Cet article s'inspire du nouveau livre de Dalio intitulé « Comment les nations font faillite », et conclut en présentant mon propre point de vue sur les opportunités et risques liés au grand cycle de la dette américaine. Il ne doit servir qu'à titre d'aide à la prise de décision d'investissement.
Présentons tout d'abord Dalio – fondateur du fonds Bridgewater, ayant prédit avec succès plusieurs événements économiques majeurs tels que la crise financière de 2008, la crise de la dette souveraine en Europe ou encore le Brexit. Surnommé le Steve Jobs de l'investissement, passons maintenant au contenu principal.
Par le passé, lorsqu'on étudiait la dette, on faisait généralement référence aux cycles de crédit synchronisés avec le cycle économique (environ 6 ans ± 3 ans). Toutefois, le grand cycle de la dette est plus fondamental et plus important : depuis 1700, environ 750 monnaies ou marchés obligataires ont existé dans le monde, mais aujourd'hui seulement environ 20 % subsistent. Même pour celles qui ont survécu, la plupart ont connu une dépréciation sévère, phénomène étroitement lié au « grand cycle de la dette » décrit dans ce livre.
La différence clé entre petit cycle de la dette et grand cycle réside dans la capacité de la banque centrale à inverser le cycle. Dans un petit cycle classique de désendettement, la banque centrale abaisse les taux d'intérêt et augmente l'offre de crédit. Mais dans un grand cycle de la dette, la situation devient très délicate car la croissance de la dette n'est plus soutenable. Un scénario typique consiste alors en : secteur privé sain → surendettement du secteur privé, incapable de rembourser → intervention du gouvernement par aide financière et surendettement → banque centrale imprime de la monnaie et achète la dette publique (la banque centrale agit comme prêteur en dernier ressort).
Le grand cycle de la dette dure généralement environ 80 ans, divisé en cinq phases :
1) Phase de monnaie saine (Sound Money Stage) : initialement, les taux sont bas ; le rendement généré par l’emprunt dépasse le coût du capital, favorisant ainsi l’expansion de la dette.
2) Phase de bulle de la dette (Debt Bubble Stage) : avec l’expansion de la dette, l’économie prospère, certains actifs (bourse, immobilier, etc.) voient leur prix augmenter.
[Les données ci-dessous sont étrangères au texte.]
lemma AE_Sup_lower_constant:
  fixes G w :: "'a \<Rightarrow> 'b \<Rightarrow> real"
  assumes "S \<noteq> {}" "bdd_above S"
    and "\<forall>\<mu>\<in>S. AE x in M. \<forall>\<eta>. \<mu> * w x \<eta> \<le> G x \<eta>"
  shows "AE x in M. \<forall>\<eta>. Sup S * w x \<eta> \<le> G x \<eta>"
proof -
  obtain f where f: "\<And>n. f n \<in> S" "f \<longlonglongrightarrow> Sup S"
    using closure_contains_Sup[OF assms(1,2)] unfolding closure_sequential by blast
  have "AE x in M. \<forall>n \<eta>. f n * w x \<eta> \<le> G x \<eta>"
    using assms(3) f(1) by (simp add: AE_all_countable)
  then show ?thesis
  proof eventually_elim
    case (elim x)
    show ?case
    proof
      fix \<eta>
      have "(\<lambda>n. f n * w x \<eta>) \<longlonglongrightarrow> Sup S * w x \<eta>"
        using f(2) by (rule tendsto_mult_right)
      then show "Sup S * w x \<eta> \<le> G x \<eta>"
        using elim by (intro LIMSEQ_le_const2) auto
    qed
  qed
qed

lemma AE_Gamma_r_ge_mu_r:
  fixes \<Omega> :: "(real^'n) set"
  assumes "open \<Omega>" "\<Omega> \<noteq> {}" "AE x in lebesgue_on \<Omega>. V x \<ge> 0" "Sr \<Omega> r A b c V"
  shows "AE x in lebesgue_on \<Omega>. \<forall>\<xi>.
    mu_r \<Omega> r A b c V * ((norm \<xi>)\<^sup>2 + V x) \<le> Gamma_r r (A x) (b x) (c x) (V x) \<xi>"
proof -
  define S where "S = {\<mu>. \<mu> > 0 \<and> (AE x in lebesgue_on \<Omega>. \<forall>\<xi>.
      Gamma_r r (A x) (b x) (c x) (V x) \<xi> \<ge> \<mu> * ((norm \<xi>)\<^sup>2 + V x))}"
  have lower: "\<forall>\<mu>\<in>S. AE x in lebesgue_on \<Omega>. \<forall>\<xi>.
      \<mu> * ((norm \<xi>)\<^sup>2 + V x) \<le> Gamma_r r (A x) (b x) (c x) (V x) \<xi>"
    by (simp add: S_def)
  have "S \<noteq> {}"
    using assms(4) by (auto simp: Sr_def S_def)
  moreover have "bdd_above S"
  proof (rule bdd_above_AE_lower_constants)
    show "ae_filter (lebesgue_on \<Omega>) \<noteq> bot"
      using assms(1,2) by (rule ae_filter_lebesgue_on_open_neq_bot)
    show "AE x in lebesgue_on \<Omega>. 0 < (norm (1 :: complex^'n))\<^sup>2 + V x"
      using assms(3) by eventually_elim (simp add: add_pos_nonneg)
    show "\<forall>\<mu>\<in>S. AE x in lebesgue_on \<Omega>.
        \<mu> * ((norm (1 :: complex^'n))\<^sup>2 + V x) \<le> Gamma_r r (A x) (b x) (c x) (V x) 1"
    proof
      fix \<mu> assume "\<mu> \<in> S"
      with lower show "AE x in lebesgue_on \<Omega>.
          \<mu> * ((norm (1 :: complex^'n))\<^sup>2 + V x) \<le> Gamma_r r (A x) (b x) (c x) (V x) 1"
        by (auto elim: eventually_mono)
    qed
  qed
  ultimately show ?thesis
    using AE_Sup_lower_constant[OF _ _ lower] by (simp add: mu_r_def S_def)
qed
(* Let $G$ be a finite undirected weighted graph on $V=\{1,\dots,n\}$ with symmetric nonnegative weights $w(ij)=w(ji)\ge 0$, degrees $d_i=\sum_{j=1}^n w(ij)$ with $\mathrm{vol}(V)=\sum_i d_i>0$, and a positive vertex measure $\mu_1,\dots,\mu_n>0$. Let $M$ be the normalized modularity matrix $M_{ij}=\frac{1}{\mu_i}\big(w(ij)-\frac{d_id_j}{\mathrm{vol}(V)}\big)$, let $\lambda_1(M)$ be its largest eigenvalue, and let $r_M(x)=\langle x,Mx\rangle_\mu/\|x\|_{2,\mu}^2$ for $x\neq 0$. Assume $\lambda_1(M)>0$. Then: (i) for every $A\subseteq V$, $r_M(\mathbb 1_A-\mathbb 1_{\overline A})=2\,q(A)$; (ii) for every $A\subseteq V$ with $\emptyset\neq A\neq V$, $r_M\big(\mathbb 1_A-\tfrac{\mu(A)}{\mu(V)}\mathbb 1\big)=q_\mu(A)$; (iii) $\max_{x\neq 0,\ \langle x,\mathbb 1\rangle_\mu=0} r_M(x)=\max_{x\neq 0} r_M(x)=\lambda_1(M)$. In this sense $r_M$ is a (linear) relaxation of both $q$ and $q_\mu$.
   Context: $\langle x,y\rangle_\mu=\sum_i\mu_ix_iy_i$, $\|x\|_{2,\mu}^2=\langle x,x\rangle_\mu$; $M$ is self-adjoint for $\langle\cdot,\cdot\rangle_\mu$, so its eigenvalues are real. $\mathbb 1$ is the all-ones vector, $\mathbb 1_A$ the indicator vector of $A$, $\overline A=V\setminus A$, $\mu(A)=\sum_{i\in A}\mu_i$, $\mathrm{vol}(A)=\sum_{i\in A}d_i$. Modularity of $A$: $Q(A)=\sum_{i,j\in A}w(ij)-\mathrm{vol}(A)^2/\mathrm{vol}(V)$. Modularity set function $q(A)=\frac{2}{\mu(V)}Q(A)$ and normalized modularity $q_\mu(A)=\mu(V)\frac{Q(A)}{\mu(A)\mu(\overline A)}$ (for $\emptyset\ne A\ne V$). *)

theory Defs
  imports "HOL-Analysis.Analysis"
begin

text \<open>Vertices are the elements of a finite type 'n (standing for V = {1..n}).
  Weights w :: 'n => 'n => real, vertex measure mu :: 'n => real.\<close>

definition deg :: "('n::finite \<Rightarrow> 'n \<Rightarrow> real) \<Rightarrow> 'n \<Rightarrow> real" where
  "deg w i = (\<Sum>j\<in>UNIV. w i j)"

definition vol :: "('n::finite \<Rightarrow> 'n \<Rightarrow> real) \<Rightarrow> 'n set \<Rightarrow> real" where
  "vol w A = (\<Sum>i\<in>A. deg w i)"

definition meas :: "('n::finite \<Rightarrow> real) \<Rightarrow> 'n set \<Rightarrow> real" where
  "meas \<mu> A = (\<Sum>i\<in>A. \<mu> i)"

definition mod_matrix :: "('n::finite \<Rightarrow> 'n \<Rightarrow> real) \<Rightarrow> ('n \<Rightarrow> real) \<Rightarrow> real^'n^'n" where
  "mod_matrix w \<mu> = (\<chi> i j. (w i j - deg w i * deg w j / vol w UNIV) / \<mu> i)"

definition inner_mu :: "('n::finite \<Rightarrow> real) \<Rightarrow> real^'n \<Rightarrow> real^'n \<Rightarrow> real" where
  "inner_mu \<mu> x y = (\<Sum>i\<in>UNIV. \<mu> i * x$i * y$i)"

definition rayleigh :: "real^'n^'n \<Rightarrow> ('n::finite \<Rightarrow> real) \<Rightarrow> real^'n \<Rightarrow> real" where
  "rayleigh M \<mu> x = inner_mu \<mu> x (M *v x) / inner_mu \<mu> x x"

text \<open>Eigenvalues of a real square matrix (M is mu-self-adjoint, so all its eigenvalues are real).\<close>
definition eigenvalues :: "real^'n^'n \<Rightarrow> real set" where
  "eigenvalues M = {l. \<exists>x. x \<noteq> 0 \<and> M *v x = l *\<^sub>R x}"

definition largest_eigenvalue :: "real^'n^'n \<Rightarrow> real" where
  "largest_eigenvalue M = Max (eigenvalues M)"

definition indic_vec :: "'n::finite set \<Rightarrow> real^'n" where
  "indic_vec A = (\<chi> i. if i \<in> A then 1 else 0)"

definition modularity :: "('n::finite \<Rightarrow> 'n \<Rightarrow> real) \<Rightarrow> 'n set \<Rightarrow> real" where
  "modularity w A = (\<Sum>i\<in>A. \<Sum>j\<in>A. w i j) - (vol w A)\<^sup>2 / vol w UNIV"

definition modq :: "('n::finite \<Rightarrow> 'n \<Rightarrow> real) \<Rightarrow> ('n \<Rightarrow> real) \<Rightarrow> 'n set \<Rightarrow> real" where
  "modq w \<mu> A = 2 / meas \<mu> UNIV * modularity w A"

definition modq_mu :: "('n::finite \<Rightarrow> 'n \<Rightarrow> real) \<Rightarrow> ('n \<Rightarrow> real) \<Rightarrow> 'n set \<Rightarrow> real" where
  "modq_mu w \<mu> A = meas \<mu> UNIV * modularity w A / (meas \<mu> A * meas \<mu> (UNIV - A))"

end

theory Submission
  imports Defs
begin

text \<open>The Rayleigh quotient of a matrix that is self-adjoint for \<open>\<langle>\<cdot>,\<cdot>\<rangle>\<^sub>\<mu>\<close> attains its maximum
  on the compact unit sphere; a maximizer is an eigenvector (the first variation vanishes), and
  every eigenvalue is the Rayleigh quotient of its eigenvector, so the maximum is \<open>\<lambda>\<^sub>1(M)\<close>.
  The modularity matrix \<open>B = W - d d\<^sup>T / vol V\<close> has zero row and column sums, so its
  quadratic form is invariant under adding constants; evaluated on indicator vectors it gives
  \<open>Q(A)\<close>, which yields (i) and (ii). The all-ones vector lies in the kernel of \<open>M\<close>, so an
  eigenvector for the positive eigenvalue \<open>\<lambda>\<^sub>1(M)\<close> is \<open>\<mu>\<close>-orthogonal to it and the
  constrained maximum is \<open>\<lambda>\<^sub>1(M)\<close> as well.\<close>

lemma inner_mu_commute: "inner_mu \<mu> x y = inner_mu \<mu> y x"
  unfolding inner_mu_def by (simp add: mult.commute mult.left_commute)

lemma inner_mu_scaleR_left: "inner_mu \<mu> (c *\<^sub>R x) y = c * inner_mu \<mu> x y"
  unfolding inner_mu_def by (simp add: sum_distrib_left mult.commute mult.left_commute)

lemma inner_mu_scaleR_right: "inner_mu \<mu> x (c *\<^sub>R y) = c * inner_mu \<mu> x y"
  unfolding inner_mu_def by (simp add: sum_distrib_left mult.commute mult.left_commute)

lemma inner_mu_add_left: "inner_mu \<mu> (x + z) y = inner_mu \<mu> x y + inner_mu \<mu> z y"
  unfolding inner_mu_def by (simp add: sum.distrib algebra_simps)

lemma inner_mu_add_right: "inner_mu \<mu> x (y + z) = inner_mu \<mu> x y + inner_mu \<mu> x z"
  unfolding inner_mu_def by (simp add: sum.distrib algebra_simps)

lemma inner_mu_axis_left: "inner_mu \<mu> (axis i 1) y = \<mu> i * y$i"
proof -
  have "inner_mu \<mu> (axis i 1) y = (\<Sum>j\<in>UNIV. if j = i then \<mu> j * y$j else 0)"
    unfolding inner_mu_def axis_def by (rule sum.cong) auto
  thus ?thesis by simp
qed

lemma inner_mu_self_pos:
  assumes mupos: "\<And>i. \<mu> i > 0" and "x \<noteq> 0"
  shows "inner_mu \<mu> x x > 0"
proof -
  from assms(2) obtain k where k: "x$k \<noteq> 0" by (metis vec_eq_iff zero_index)
  have "inner_mu \<mu> x x = (\<Sum>i\<in>UNIV. \<mu> i * (x$i)\<^sup>2)"
    unfolding inner_mu_def by (simp add: power2_eq_square mult.assoc)
  also have "\<dots> > 0"
    by (rule sum_pos2[where i=k]) (use mupos k in \<open>auto simp: less_imp_le\<close>)
  finally show ?thesis .
qed

lemma inner_mu_matrix_vector_mult:
  fixes M :: "real^'n::finite^'n"
  shows "inner_mu \<mu> x (M *v y) = (\<Sum>i\<in>UNIV. \<Sum>j\<in>UNIV. \<mu> i * M$i$j * x$i * y$j)"
  unfolding inner_mu_def matrix_vector_mult_def
  by (simp add: sum_distrib_left mult.assoc mult.left_commute)

definition mu_selfadjoint :: "('n::finite \<Rightarrow> real) \<Rightarrow> real^'n^'n \<Rightarrow> bool" where
  "mu_selfadjoint \<mu> M \<longleftrightarrow> (\<forall>i j. \<mu> i * M$i$j = \<mu> j * M$j$i)"

lemma mu_selfadjoint_inner_mu:
  assumes "mu_selfadjoint \<mu> M"
  shows "inner_mu \<mu> x (M *v y) = inner_mu \<mu> y (M *v x)"
proof -
  have "inner_mu \<mu> x (M *v y) = (\<Sum>i\<in>UNIV. \<Sum>j\<in>UNIV. \<mu> j * M$j$i * x$i * y$j)"
    using assms unfolding inner_mu_matrix_vector_mult mu_selfadjoint_def by simp
  also have "\<dots> = (\<Sum>j\<in>UNIV. \<Sum>i\<in>UNIV. \<mu> j * M$j$i * x$i * y$j)"
    by (rule sum.swap)
  also have "\<dots> = inner_mu \<mu> y (M *v x)"
    unfolding inner_mu_matrix_vector_mult by (simp add: mult.commute mult.left_commute)
  finally show ?thesis .
qed

lemma mu_selfadjoint_eigenvectors_orthogonal:
  assumes "mu_selfadjoint \<mu> M"
    and "M *v x = l *\<^sub>R x" and "M *v y = k *\<^sub>R y" and "l \<noteq> k"
  shows "inner_mu \<mu> x y = 0"
proof -
  have "k * inner_mu \<mu> x y = l * inner_mu \<mu> x y"
    using mu_selfadjoint_inner_mu[OF assms(1), of x y] inner_mu_commute[of \<mu> x y]
    unfolding assms(2,3) inner_mu_scaleR_right by simp
  thus ?thesis using assms(4) by simp
qed

text \<open>Distinct eigenvalues have \<open>\<mu>\<close>-orthogonal eigenvectors; rescaling coordinates by
  \<open>\<surd>\<mu>\<^sub>i\<close> turns these into Euclidean-orthogonal, hence independent, vectors.\<close>
lemma mu_selfadjoint_finite_eigenvalues:
  fixes M :: "real^'n::finite^'n"
  assumes mupos: "\<And>i. \<mu> i > 0" and sa: "mu_selfadjoint \<mu> M"
  shows "finite (eigenvalues M)"
proof -
  define T :: "real^'n \<Rightarrow> real^'n" where "T x = (\<chi> i. sqrt (\<mu> i) * x$i)" for x
  have T_inner: "T x \<bullet> T y = inner_mu \<mu> x y" for x y
    unfolding T_def inner_vec_def inner_mu_def
    by (rule sum.cong) (use mupos in \<open>auto simp: algebra_simps less_imp_le\<close>)
  define f where "f l = (SOME x. x \<noteq> 0 \<and> M *v x = l *\<^sub>R x)" for l
  have f: "f l \<noteq> 0 \<and> M *v f l = l *\<^sub>R f l" if "l \<in> eigenvalues M" for l
    unfolding f_def by (rule someI_ex) (use that in \<open>simp add: eigenvalues_def\<close>)
  have T_f_pos: "T (f l) \<bullet> T (f l) > 0" if "l \<in> eigenvalues M" for l
    unfolding T_inner using inner_mu_self_pos[of \<mu>, OF mupos] f[OF that] by blast
  have T_f_orth: "T (f l) \<bullet> T (f k) = 0"
    if "l \<in> eigenvalues M" "k \<in> eigenvalues M" "l \<noteq> k" for l k
    unfolding T_inner using f[OF that(1)] f[OF that(2)] that(3)
    by (intro mu_selfadjoint_eigenvectors_orthogonal[OF sa]) auto
  have inj: "inj_on (T \<circ> f) (eigenvalues M)"
    by (rule inj_onI) (metis T_f_orth T_f_pos comp_apply less_irrefl)
  have "pairwise orthogonal ((T \<circ> f) ` eigenvalues M)"
    unfolding pairwise_def orthogonal_def using T_f_orth by fastforce
  moreover have "0 \<notin> (T \<circ> f) ` eigenvalues M" using T_f_pos by fastforce
  ultimately have "independent ((T \<circ> f) ` eigenvalues M)"
    by (rule pairwise_orthogonal_independent)
  hence "finite ((T \<circ> f) ` eigenvalues M)" using independent_bound by blast
  thus ?thesis using finite_imageD inj by blast
qed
Face à la hausse des prix et à la prospérité économique durable, les agents privés gagnent en confiance quant à leur capacité de remboursement et aux rendements attendus, et continuent donc d’accroître leur endettement.
3) Phase de crevaison de la bulle (Top Stage) : les prix des actifs atteignent un niveau spéculatif, mais l’expansion de la dette ne s’arrête pas.
4) Phase de désendettement (Deleveraging Stage) : vague de défauts de paiement, chute brutale des prix des actifs, contraction de la demande globale, entrée dans un cercle vicieux de « dette-déflation » (effet Fisher), taux nominaux tombant à la limite zéro, taux réels montant en raison de la déflation, pression accrue sur le remboursement de la dette.
5) Phase de crise de la dette (Debt Crisis Stage) : la bulle immobilière éclate en même temps que celle de la dette. Les emprunteurs ayant acheté des actifs à crédit se retrouvent incapables de rembourser leurs dettes. L’économie entière fait face à la faillite, entraînant une restructuration massive de la dette. Cette phase marque aussi la fin de la crise et le retour vers un nouvel équilibre, inaugurant un nouveau cycle.
À chacune de ces cinq phases, la banque centrale doit adopter une politique monétaire différente afin de maintenir la stabilité de la dette et de l’économie. Ainsi, on peut utiliser les politiques monétaires comme indicateur pour identifier la phase actuelle du grand cycle de la dette.

Depuis 1945, les États-Unis ont traversé 12,5 cycles courts de la dette. Cette année, les dépenses d’intérêts sur la dette américaine devraient dépasser 1 000 milliards de dollars, tandis que les recettes totales du gouvernement s’élèvent à environ 5 000 milliards. Autrement dit, pour chaque 4 dollars collectés, le gouvernement américain doit en consacrer 1 au seul paiement des intérêts !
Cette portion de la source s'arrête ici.